BQP is suspected to be disjoint from NP-complete and a strict superset of P, but that is not known. Both integer factorization and discrete log are in BQP.

Some $$NP$$ problems can be solved efficiently.

A Turing machine can simulate a QC and QC can simulate A Trung machine too,. So, once A QC is built, you can outperform a QC only by money.

## Cost2

An important subject is also the cost of running the algoriths.

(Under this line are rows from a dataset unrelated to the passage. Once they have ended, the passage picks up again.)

lemma mod_eq_imp_eq_nat:
  fixes x y m :: nat
  assumes "x mod m = y mod m" "x < y + m" "y < x + m"
  shows "x = y"
proof -
  have "a = b" if "a \<le> b" "a mod m = b mod m" "b < a + m" for a b
  proof -
    have "m dvd b - a" using that(1,2) mod_eq_dvd_iff_nat by metis
    moreover have "b - a < m" using that(1,3) by linarith
    ultimately have "b - a = 0" using nat_dvd_not_less by blast
    with that(1) show "a = b" by simp
  qed
  from this[of x y] this[of y x] assms show ?thesis by (cases "x \<le> y") simp_all
qed

definition extends :: "bool list \<Rightarrow> bool list \<Rightarrow> bool" where
  "extends w s \<longleftrightarrow> (\<exists>t. s = w @ t)"

(* enc_sit reads a situation as a bijective base-2 numeral whose first bit is least significant. *)
lemma extends_iff_enc_sit:
  "extends w s \<longleftrightarrow> enc_sit w \<le> enc_sit s \<and> 2 ^ length w dvd enc_sit s - enc_sit w"
proof
  assume "extends w s"
  then show "enc_sit w \<le> enc_sit s \<and> 2 ^ length w dvd enc_sit s - enc_sit w"
    by (auto simp: extends_def enc_sit_append)
next
  assume enc: "enc_sit w \<le> enc_sit s \<and> 2 ^ length w dvd enc_sit s - enc_sit w"
  let ?B = "2 ^ length w :: nat" and ?u = "take (length w) s" and ?v = "drop (length w) s"
  have "length w \<le> length s"
  proof (rule ccontr)
    assume "\<not> length w \<le> length s"
    then have "2 * 2 ^ length s \<le> ?B"
      using power_increasing[of "Suc (length s)" "length w" "2::nat"] by simp
    with enc enc_sit_bounds[of w] enc_sit_bounds[of s] show False by linarith
  qed
  then have u: "length ?u = length w" by simp
  have s: "enc_sit s = enc_sit ?u + ?B * enc_sit ?v"
    using enc_sit_append[of ?u ?v] u by simp
  obtain k where "enc_sit s - enc_sit w = ?B * k" using enc by (elim conjE dvdE)
  with s enc have sum: "enc_sit ?u + ?B * enc_sit ?v = enc_sit w + ?B * k" by linarith
  have "enc_sit ?u mod ?B = (enc_sit ?u + ?B * enc_sit ?v) mod ?B" by simp
  also have "\<dots> = enc_sit w mod ?B" unfolding sum by simp
  finally have "enc_sit ?u = enc_sit w"
    by (rule mod_eq_imp_eq_nat)
      (use enc_sit_bounds[of w] enc_sit_bounds[of ?u, unfolded u] in linarith)+
  then have "?u = w" using inj_enc_sit by (simp add: inj_eq)
  then show "extends w s" unfolding extends_def by (metis append_take_drop_id)
qed

lemma extends_append: "extends w s \<Longrightarrow> extends w (s @ t)"
  unfolding extends_def by auto

lemma extends_snoc_iff: "extends w (s @ [x]) \<longleftrightarrow> extends w s \<or> w = s @ [x]"
  unfolding extends_def
proof
  assume "\<exists>t. s @ [x] = w @ t"
  then obtain t where t: "s @ [x] = w @ t" by blast
  show "(\<exists>t. s = w @ t) \<or> w = s @ [x]"
  proof (cases t rule: rev_cases)
    case Nil
    with t show ?thesis by simp
  next
    case (snoc t' y)
    with t show ?thesis by auto
  qed
qed auto

lemma length_prefix [simp]: "length (prefix \<omega> n) = n"
  unfolding prefix_def by simp

lemma extends_prefix: "N \<le> n \<Longrightarrow> extends (prefix \<omega> N) (prefix \<omega> n)"
  unfolding extends_def prefix_def by (metis le_Suc_ex map_append upt_add_eq_append zero_le)

section \<open>Decidable predicates and effective real maps\<close>

definition decidable :: "('d \<Rightarrow> nat) \<Rightarrow> ('d \<Rightarrow> bool) \<Rightarrow> bool" where
  "decidable E P \<longleftrightarrow> recursive_nat E (\<lambda>d. of_bool (P d))"

lemma recursive_nat_iff_recursive1:
  "recursive_nat E f \<longleftrightarrow> (\<exists>h. recursive1 h \<and> (\<forall>d. f d = h (E d)))"
proof
  assume "recursive_nat E f"
  then obtain g where g: "recfn 1 g" "\<forall>d. f d = g [E d]" unfolding recursive_nat_def by auto
  have "recursive_on 1 (\<lambda>xs. g [hd xs])"
    by (rule recursive_on_cong[OF recfn_imp_recursive_on[OF g(1)]]) (auto simp: length_Suc_conv)
  with g(2) show "\<exists>h. recursive1 h \<and> (\<forall>d. f d = h (E d))"
    unfolding recursive1_def by (intro exI[of _ "\<lambda>x. g [x]"]) simp
next
  assume "\<exists>h. recursive1 h \<and> (\<forall>d. f d = h (E d))"
  then obtain h g where "\<forall>d. f d = h (E d)" "recfn 1 g" "\<forall>xs. length xs = 1 \<longrightarrow> g xs = h (hd xs)"
    unfolding recursive1_def recursive_on_def by auto
  then show "recursive_nat E f" unfolding recursive_nat_def by (intro exI[of _ g]) simp
qed

lemma recursive_nat_const: "recursive_nat E (\<lambda>_. c)"
  unfolding recursive_nat_iff_recursive1 using recursive1_const by blast

lemma recursive_nat_if:
  assumes "decidable E P" "recursive_nat E a" "recursive_nat E b"
  shows "recursive_nat E (\<lambda>d. if P d then a d else b d)"
proof -
  obtain hP ha hb where h: "recursive1 hP" "recursive1 ha" "recursive1 hb"
    and eq: "\<forall>d. of_bool (P d) = hP (E d)" "\<forall>d. a d = ha (E d)" "\<forall>d. b d = hb (E d)"
    using assms unfolding decidable_def recursive_nat_iff_recursive1 by metis
  have "recursive1 (\<lambda>x. if hP x = 0 then hb x else ha x)" by (rule recursive1_if[OF h(1,3,2)])
  moreover have "(if P d then a d else b d) = (if hP (E d) = 0 then hb (E d) else ha (E d))" for d
    using eq[rule_format, of d] by (cases "P d") simp_all
  ultimately show ?thesis unfolding recursive_nat_iff_recursive1 by blast
qed

lemma decidable_extends: "decidable enc_sit (extends w)"
proof -
  let ?test = "\<lambda>x. (enc_sit w - x) + (x - enc_sit w) mod 2 ^ length w"
  have "recursive1 ?test"
    by (intro recursive1_add recursive1_diff recursive1_const recursive1_id
        recursive1_comp[OF recursive1_mod])
  then have "recursive1 (\<lambda>x. if ?test x = 0 then 1 else 0)"
    by (intro recursive1_if recursive1_const)
  moreover have "of_bool (extends w s) = (if ?test (enc_sit s) = 0 then 1 else 0)" for s
  proof -
    have "?test (enc_sit s) = 0 \<longleftrightarrow> extends w s"
      unfolding extends_iff_enc_sit by (simp only: add_is_0 diff_is_0_eq dvd_eq_mod_eq_0)
    then show ?thesis by (simp only: of_bool_def)
  qed
  ultimately show ?thesis
    unfolding decidable_def recursive_nat_iff_recursive1 by blast
qed

lemma decidable_fst:
  assumes "decidable E P"
  shows "decidable (enc_pair E E') (\<lambda>d. P (fst d))"
proof -
  obtain h where h: "recursive1 h" "\<forall>d. of_bool (P d) = h (E d)"
    using assms unfolding decidable_def recursive_nat_iff_recursive1 by blast
  have "recursive1 (\<lambda>m. h (fst (prod_decode m)))"
    by (rule recursive1_comp[OF h(1) recursive1_fst_prod_decode])
  moreover have "of_bool (P (fst d)) = h (fst (prod_decode (enc_pair E E' d)))" for d
    using h(2) by (cases d) (simp add: enc_pair_def)
  ultimately show ?thesis unfolding decidable_def recursive_nat_iff_recursive1 by blast
qed

lemma recursive_rat_one: "recursive_rat E (\<lambda>_. 1)"
  unfolding recursive_rat_def using recursive_nat_const[of E]
  by (intro exI[of _ "\<lambda>_. 1"] exI[of _ "\<lambda>_. 0"]) auto

lemma recursive_rat_divide:
  assumes "recursive_rat E q"
  shows "recursive_rat E (\<lambda>d. q d / real (Suc K))"
proof -
  obtain a b c where abc: "recursive_nat E a" "recursive_nat E b" "recursive_nat E c"
    "\<forall>d. q d = (real (a d) - real (b d)) / real (Suc (c d))"
    using assms unfolding recursive_rat_def by blast
  let ?c = "\<lambda>d. c d * Suc K + K"
  have "recursive_nat E ?c"
    using abc(3) recursive1_add recursive1_mult recursive1_const
    unfolding recursive_nat_iff_recursive1 by (metis (no_types, lifting))
  moreover have "q d / real (Suc K) = (real (a d) - real (b d)) / real (Suc (?c d))" for d
  proof -
    have "real (Suc (?c d)) = real (Suc (c d)) * real (Suc K)" by (simp add: algebra_simps)
    then show ?thesis by (simp only: abc(4)[rule_format] divide_divide_eq_left)
  qed
  ultimately show ?thesis using abc(1,2) unfolding recursive_rat_def by blast
qed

Daniel J. Bernstein asked the question in "Cost analysis of hash collisions: Will quantum computers make SHARCS1 obsolete". Some results if a QC is built;

• Factorization; QC much more scalable and much more cost effective

• The number-field sieve factors b-bit RSA moduli in time $$2^{b^{1/3+\mathcal{o}(1)}}$$
• If a QC can be built for $$b^{\mathcal{\Theta}(1)}$$ Euros can factor b-bit integer in $$b^{\mathcal{\Theta}(1)}$$ seconds.
• Pre-Image Search;

• Traditional hardware can find in $$2^bh$$ operations
• Quantum; much more cost effective

• Grover $$2^{b/2}h$$ operations on $$\mathcal{\Theta}(h)$$ qubits.
• Shor’s speedup from $$2^{b^{1/3+\mathcal{o}(1)}}$$ to $$b^{\mathcal{\Theta}(1)}$$
• Collision search; He claims that all quantum algorithms upto his paper are less cost-effective than the traditional.

• Parallelization

• A size-$$M$$ machine finds collisions in time roughly $$2^b/M^{3/2}$$. if size $$2^{b/3}$$ than collision time is $$2^{b/2}$$ with $$\epsilon$$ time with $$\epsilon$$ probability.
• a size-M QC after $$2^{b/2}h\epsilon$$ quantum operations each unit has $$\epsilon^2$$ success probability. After $$2^{b/2}h/M^{1/2}$$ total quantum operations the size-M machine has $$M\epsilon^2$$ success probability. If the size a quantum computer is $$2^{b/3}$$ then the time for finding collisions is approximately $$2^{b/3}$$. Compare to classical.